Dataset entries

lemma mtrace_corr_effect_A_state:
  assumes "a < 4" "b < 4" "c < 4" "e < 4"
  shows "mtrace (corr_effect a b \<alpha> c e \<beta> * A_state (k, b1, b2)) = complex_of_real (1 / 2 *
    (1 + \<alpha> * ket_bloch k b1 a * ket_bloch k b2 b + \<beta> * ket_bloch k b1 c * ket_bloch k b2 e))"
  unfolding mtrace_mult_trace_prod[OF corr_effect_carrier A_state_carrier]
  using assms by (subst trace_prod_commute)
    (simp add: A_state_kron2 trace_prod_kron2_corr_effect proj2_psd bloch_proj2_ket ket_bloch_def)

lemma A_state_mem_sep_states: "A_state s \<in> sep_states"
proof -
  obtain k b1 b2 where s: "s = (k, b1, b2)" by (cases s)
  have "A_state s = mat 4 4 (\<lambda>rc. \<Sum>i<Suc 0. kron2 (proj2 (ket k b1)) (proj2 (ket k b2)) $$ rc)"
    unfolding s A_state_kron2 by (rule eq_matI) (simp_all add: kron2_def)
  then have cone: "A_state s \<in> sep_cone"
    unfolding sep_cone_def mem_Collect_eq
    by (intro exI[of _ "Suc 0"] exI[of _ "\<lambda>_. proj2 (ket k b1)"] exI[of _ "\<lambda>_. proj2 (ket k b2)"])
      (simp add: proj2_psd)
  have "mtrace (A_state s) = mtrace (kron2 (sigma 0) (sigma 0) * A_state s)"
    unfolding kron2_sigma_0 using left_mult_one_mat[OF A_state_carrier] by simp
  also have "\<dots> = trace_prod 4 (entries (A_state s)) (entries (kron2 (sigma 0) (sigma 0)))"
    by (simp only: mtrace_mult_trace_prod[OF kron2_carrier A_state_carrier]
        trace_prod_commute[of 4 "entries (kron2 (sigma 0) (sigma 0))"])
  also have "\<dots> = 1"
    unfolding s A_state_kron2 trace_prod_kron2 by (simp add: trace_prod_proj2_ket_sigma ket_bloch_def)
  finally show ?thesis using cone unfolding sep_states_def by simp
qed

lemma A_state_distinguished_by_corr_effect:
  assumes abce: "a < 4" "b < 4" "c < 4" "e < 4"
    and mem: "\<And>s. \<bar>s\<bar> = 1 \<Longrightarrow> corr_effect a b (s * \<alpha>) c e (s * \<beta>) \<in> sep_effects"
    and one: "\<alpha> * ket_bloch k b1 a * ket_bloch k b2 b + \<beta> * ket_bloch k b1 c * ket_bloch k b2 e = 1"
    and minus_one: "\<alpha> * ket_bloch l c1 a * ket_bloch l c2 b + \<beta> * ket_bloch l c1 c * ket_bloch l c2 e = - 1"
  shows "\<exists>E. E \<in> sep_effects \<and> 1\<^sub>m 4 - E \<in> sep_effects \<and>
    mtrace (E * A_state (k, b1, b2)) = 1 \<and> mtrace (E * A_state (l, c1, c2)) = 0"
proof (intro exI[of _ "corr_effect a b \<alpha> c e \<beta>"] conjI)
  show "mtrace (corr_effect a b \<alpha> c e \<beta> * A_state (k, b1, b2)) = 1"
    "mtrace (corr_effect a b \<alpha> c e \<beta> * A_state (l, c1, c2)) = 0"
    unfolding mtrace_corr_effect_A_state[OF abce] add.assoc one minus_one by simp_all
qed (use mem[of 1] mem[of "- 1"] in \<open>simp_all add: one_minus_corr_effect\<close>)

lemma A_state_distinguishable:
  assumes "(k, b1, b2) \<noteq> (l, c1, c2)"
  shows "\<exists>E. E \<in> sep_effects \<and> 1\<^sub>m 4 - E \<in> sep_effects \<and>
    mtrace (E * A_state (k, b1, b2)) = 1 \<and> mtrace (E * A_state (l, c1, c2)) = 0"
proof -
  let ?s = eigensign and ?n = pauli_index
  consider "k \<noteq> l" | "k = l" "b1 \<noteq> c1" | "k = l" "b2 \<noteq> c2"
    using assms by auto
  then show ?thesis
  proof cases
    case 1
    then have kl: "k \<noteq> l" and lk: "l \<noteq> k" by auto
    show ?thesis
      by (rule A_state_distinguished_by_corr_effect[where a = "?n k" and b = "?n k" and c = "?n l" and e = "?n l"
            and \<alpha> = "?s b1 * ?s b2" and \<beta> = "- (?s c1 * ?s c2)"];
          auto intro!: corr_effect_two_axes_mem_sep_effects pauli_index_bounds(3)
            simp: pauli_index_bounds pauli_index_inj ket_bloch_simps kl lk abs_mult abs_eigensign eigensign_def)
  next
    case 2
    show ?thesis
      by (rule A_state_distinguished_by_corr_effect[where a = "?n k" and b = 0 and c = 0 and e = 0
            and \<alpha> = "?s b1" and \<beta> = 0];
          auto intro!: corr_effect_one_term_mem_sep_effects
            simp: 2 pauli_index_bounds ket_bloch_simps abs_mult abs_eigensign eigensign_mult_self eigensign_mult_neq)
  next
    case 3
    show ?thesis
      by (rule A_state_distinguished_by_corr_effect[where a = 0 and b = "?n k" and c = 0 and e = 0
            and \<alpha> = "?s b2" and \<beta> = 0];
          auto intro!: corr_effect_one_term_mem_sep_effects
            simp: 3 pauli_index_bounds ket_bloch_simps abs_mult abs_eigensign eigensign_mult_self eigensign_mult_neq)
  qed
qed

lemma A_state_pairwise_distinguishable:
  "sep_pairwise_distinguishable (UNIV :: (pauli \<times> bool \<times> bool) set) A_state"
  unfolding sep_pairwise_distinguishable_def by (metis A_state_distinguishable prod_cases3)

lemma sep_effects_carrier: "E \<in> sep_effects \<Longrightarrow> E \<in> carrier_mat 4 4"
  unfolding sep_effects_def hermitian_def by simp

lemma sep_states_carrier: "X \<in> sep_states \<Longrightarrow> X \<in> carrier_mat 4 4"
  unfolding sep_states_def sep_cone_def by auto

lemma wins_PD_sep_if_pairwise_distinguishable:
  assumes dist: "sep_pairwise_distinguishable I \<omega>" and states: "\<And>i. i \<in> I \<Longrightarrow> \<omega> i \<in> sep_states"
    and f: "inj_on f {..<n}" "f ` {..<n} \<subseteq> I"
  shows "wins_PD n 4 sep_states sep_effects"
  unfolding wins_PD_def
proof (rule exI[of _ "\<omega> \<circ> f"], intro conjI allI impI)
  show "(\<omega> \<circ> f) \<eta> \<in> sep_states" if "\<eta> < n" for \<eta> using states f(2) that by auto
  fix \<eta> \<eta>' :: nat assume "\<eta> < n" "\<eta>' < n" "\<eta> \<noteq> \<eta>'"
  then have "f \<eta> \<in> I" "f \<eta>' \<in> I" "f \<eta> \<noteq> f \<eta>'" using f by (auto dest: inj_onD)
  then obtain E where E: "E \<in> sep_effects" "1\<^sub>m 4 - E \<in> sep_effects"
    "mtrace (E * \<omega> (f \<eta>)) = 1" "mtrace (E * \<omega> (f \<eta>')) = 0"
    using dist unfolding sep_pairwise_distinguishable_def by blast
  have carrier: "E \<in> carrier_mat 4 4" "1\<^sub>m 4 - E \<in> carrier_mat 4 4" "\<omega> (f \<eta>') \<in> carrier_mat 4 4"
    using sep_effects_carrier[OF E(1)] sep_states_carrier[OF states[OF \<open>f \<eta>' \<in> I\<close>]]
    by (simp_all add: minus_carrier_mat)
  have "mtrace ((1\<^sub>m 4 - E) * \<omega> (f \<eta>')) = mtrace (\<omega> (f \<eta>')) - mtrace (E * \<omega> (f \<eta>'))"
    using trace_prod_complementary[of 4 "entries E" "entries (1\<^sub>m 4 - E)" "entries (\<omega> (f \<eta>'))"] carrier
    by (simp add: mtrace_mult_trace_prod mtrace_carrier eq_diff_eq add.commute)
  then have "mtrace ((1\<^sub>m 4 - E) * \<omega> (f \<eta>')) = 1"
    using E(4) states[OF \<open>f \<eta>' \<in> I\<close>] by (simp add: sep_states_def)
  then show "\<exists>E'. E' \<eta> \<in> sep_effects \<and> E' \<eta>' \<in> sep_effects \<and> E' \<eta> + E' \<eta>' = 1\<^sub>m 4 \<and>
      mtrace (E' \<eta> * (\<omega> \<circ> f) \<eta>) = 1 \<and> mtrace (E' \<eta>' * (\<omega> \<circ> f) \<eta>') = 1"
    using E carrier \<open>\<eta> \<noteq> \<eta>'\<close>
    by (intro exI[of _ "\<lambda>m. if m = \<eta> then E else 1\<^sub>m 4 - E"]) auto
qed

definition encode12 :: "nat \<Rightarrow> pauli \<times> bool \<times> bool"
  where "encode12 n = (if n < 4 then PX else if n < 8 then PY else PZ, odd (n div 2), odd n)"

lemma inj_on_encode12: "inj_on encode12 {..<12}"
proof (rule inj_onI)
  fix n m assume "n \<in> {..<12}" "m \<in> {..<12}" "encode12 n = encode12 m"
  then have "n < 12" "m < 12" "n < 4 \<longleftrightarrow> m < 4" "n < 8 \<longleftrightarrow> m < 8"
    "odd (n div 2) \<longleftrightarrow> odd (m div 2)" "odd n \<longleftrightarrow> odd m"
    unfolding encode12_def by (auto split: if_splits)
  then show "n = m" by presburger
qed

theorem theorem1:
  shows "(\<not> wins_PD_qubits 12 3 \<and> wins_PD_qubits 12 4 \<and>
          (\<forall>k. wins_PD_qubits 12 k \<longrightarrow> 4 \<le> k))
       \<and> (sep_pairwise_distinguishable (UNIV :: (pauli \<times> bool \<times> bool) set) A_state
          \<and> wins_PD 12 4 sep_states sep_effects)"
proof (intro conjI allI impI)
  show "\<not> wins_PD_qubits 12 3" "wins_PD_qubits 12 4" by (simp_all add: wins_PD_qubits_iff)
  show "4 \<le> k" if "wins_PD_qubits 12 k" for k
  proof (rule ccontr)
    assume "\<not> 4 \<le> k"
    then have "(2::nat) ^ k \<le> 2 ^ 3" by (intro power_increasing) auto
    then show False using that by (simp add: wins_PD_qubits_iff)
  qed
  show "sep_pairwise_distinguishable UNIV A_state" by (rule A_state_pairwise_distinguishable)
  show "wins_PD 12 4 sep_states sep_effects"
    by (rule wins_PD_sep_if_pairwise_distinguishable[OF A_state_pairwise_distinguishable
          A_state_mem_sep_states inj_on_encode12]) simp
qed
==
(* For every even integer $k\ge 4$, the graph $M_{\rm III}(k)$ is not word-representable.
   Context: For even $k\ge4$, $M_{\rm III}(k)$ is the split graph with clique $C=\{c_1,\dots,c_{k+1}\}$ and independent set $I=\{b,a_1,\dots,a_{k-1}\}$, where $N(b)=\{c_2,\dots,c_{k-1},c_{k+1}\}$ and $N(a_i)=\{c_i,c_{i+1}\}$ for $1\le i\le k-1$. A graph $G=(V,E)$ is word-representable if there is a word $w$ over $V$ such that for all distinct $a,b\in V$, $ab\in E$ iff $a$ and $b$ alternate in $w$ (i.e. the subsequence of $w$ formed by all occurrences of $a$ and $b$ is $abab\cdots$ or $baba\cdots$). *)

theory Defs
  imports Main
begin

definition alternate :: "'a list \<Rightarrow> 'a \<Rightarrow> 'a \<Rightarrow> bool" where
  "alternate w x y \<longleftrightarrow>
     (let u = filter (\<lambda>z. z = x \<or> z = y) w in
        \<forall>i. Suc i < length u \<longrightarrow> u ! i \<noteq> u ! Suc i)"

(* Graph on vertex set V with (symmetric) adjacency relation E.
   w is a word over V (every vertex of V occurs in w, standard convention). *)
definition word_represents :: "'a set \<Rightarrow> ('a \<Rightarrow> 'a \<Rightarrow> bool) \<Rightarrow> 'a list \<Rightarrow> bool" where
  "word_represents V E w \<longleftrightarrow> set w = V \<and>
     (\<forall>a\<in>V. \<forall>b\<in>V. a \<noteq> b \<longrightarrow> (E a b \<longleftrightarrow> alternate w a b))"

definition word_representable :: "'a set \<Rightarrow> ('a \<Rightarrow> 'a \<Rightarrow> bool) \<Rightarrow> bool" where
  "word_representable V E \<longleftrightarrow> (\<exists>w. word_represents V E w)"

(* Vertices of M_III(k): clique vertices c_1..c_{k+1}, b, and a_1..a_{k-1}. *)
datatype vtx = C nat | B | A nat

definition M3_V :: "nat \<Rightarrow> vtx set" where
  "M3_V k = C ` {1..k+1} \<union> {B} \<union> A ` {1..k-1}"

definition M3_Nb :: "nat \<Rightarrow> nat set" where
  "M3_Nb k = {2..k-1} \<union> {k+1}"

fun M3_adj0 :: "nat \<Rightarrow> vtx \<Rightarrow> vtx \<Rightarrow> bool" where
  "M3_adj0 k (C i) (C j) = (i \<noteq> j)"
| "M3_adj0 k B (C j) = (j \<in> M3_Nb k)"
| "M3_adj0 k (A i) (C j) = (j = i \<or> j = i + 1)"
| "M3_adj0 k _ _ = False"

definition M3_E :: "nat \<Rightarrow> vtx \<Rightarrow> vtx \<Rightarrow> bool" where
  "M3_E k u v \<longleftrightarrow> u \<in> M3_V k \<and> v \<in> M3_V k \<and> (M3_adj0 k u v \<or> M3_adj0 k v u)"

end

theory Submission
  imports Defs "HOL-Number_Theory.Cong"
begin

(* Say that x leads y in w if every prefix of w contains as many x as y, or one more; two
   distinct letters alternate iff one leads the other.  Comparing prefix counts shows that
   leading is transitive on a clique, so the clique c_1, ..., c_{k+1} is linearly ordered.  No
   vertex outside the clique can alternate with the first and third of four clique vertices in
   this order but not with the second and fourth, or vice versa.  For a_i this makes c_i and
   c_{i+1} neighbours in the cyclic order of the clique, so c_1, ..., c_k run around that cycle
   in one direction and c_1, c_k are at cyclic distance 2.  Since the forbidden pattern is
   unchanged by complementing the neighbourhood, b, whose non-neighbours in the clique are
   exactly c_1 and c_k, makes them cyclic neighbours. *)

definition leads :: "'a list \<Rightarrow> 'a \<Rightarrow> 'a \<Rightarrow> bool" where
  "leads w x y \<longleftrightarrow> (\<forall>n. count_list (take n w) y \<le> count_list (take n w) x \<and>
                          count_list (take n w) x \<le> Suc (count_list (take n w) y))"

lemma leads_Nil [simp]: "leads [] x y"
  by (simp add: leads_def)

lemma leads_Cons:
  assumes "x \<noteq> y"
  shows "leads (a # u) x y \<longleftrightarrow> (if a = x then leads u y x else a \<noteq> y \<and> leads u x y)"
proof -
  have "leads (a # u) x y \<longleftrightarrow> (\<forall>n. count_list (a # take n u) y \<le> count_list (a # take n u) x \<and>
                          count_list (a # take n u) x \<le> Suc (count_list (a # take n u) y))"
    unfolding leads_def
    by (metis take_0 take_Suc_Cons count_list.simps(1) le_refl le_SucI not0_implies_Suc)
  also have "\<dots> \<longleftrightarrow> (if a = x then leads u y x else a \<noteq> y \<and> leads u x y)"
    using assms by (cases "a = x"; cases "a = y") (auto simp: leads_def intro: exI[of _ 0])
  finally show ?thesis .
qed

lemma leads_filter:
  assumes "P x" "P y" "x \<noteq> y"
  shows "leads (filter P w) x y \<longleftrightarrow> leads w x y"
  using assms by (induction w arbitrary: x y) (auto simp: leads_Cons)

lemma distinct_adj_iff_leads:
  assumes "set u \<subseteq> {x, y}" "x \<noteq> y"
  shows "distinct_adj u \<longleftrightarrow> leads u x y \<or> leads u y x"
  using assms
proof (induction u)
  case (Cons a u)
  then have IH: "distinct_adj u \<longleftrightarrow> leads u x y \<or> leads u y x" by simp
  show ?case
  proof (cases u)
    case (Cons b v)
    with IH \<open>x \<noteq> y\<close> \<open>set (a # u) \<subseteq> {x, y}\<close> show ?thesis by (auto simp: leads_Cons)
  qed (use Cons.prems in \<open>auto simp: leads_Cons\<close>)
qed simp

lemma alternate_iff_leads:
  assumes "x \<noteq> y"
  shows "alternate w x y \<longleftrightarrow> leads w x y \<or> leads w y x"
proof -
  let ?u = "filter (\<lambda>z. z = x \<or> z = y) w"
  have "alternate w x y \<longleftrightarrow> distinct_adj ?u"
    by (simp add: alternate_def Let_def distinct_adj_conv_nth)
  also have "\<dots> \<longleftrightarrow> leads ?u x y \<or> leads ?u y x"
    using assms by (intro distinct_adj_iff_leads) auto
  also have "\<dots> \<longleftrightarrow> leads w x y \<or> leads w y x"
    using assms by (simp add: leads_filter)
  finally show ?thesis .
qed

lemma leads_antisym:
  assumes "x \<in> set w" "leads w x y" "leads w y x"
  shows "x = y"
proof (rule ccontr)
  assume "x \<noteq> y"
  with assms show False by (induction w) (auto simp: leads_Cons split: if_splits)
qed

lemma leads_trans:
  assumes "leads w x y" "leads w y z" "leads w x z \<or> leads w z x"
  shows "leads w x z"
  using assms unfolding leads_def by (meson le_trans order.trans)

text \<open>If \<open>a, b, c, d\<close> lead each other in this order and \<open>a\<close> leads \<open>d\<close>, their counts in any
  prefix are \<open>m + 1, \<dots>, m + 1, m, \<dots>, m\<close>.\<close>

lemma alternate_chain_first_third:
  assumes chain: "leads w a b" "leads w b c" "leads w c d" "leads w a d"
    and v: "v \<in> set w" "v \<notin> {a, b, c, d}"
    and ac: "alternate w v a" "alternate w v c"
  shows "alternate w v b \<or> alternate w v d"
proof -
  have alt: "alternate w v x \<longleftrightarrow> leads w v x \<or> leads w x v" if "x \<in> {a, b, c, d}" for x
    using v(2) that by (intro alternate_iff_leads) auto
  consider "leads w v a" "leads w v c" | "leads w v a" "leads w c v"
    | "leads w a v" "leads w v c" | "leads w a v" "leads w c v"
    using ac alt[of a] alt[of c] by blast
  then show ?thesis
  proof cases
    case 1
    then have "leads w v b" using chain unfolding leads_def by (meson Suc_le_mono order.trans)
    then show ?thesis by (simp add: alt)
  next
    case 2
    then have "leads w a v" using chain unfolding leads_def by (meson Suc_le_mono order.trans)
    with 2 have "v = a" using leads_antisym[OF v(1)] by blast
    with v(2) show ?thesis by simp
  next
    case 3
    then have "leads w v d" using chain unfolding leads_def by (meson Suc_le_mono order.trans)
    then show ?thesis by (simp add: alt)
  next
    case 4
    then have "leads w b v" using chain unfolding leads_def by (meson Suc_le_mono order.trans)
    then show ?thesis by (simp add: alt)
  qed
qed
--
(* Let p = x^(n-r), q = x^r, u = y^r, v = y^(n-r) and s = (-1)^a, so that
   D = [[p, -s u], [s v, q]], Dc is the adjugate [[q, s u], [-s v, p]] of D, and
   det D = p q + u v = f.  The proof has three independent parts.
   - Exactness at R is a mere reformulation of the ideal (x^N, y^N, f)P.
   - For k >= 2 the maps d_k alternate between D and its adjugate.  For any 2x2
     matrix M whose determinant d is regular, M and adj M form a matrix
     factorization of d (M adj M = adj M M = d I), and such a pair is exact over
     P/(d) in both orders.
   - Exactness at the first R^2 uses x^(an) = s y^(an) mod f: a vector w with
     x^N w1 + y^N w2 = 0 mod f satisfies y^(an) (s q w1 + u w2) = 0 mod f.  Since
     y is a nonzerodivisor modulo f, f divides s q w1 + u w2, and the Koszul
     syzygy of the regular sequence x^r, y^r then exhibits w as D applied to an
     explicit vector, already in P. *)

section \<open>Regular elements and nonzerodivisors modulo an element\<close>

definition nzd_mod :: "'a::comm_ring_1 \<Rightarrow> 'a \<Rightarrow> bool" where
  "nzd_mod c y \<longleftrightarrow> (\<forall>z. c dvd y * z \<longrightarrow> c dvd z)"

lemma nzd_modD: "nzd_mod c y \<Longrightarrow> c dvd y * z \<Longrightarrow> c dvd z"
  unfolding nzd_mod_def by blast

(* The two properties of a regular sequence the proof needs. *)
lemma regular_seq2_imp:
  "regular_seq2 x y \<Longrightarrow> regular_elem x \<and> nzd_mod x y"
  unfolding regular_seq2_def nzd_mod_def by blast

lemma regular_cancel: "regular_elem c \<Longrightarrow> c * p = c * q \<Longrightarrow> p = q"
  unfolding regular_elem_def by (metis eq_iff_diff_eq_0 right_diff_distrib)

#### [WHAT YOU HAVE TO DO]
Take the entries above and return only the lines from the one with "around that cycle" to the one with "exactly c_1 and", both included, unchanged.

#### [ANSWER BOX]
   c_{i+1} neighbours in the cyclic order of the clique, so c_1, ..., c_k run around that cycle
   in one direction and c_1, c_k are at cyclic distance 2.  Since the forbidden pattern is
   unchanged by complementing the neighbourhood, b, whose non-neighbours in the clique are
   exactly c_1 and c_k, makes them cyclic neighbours. *)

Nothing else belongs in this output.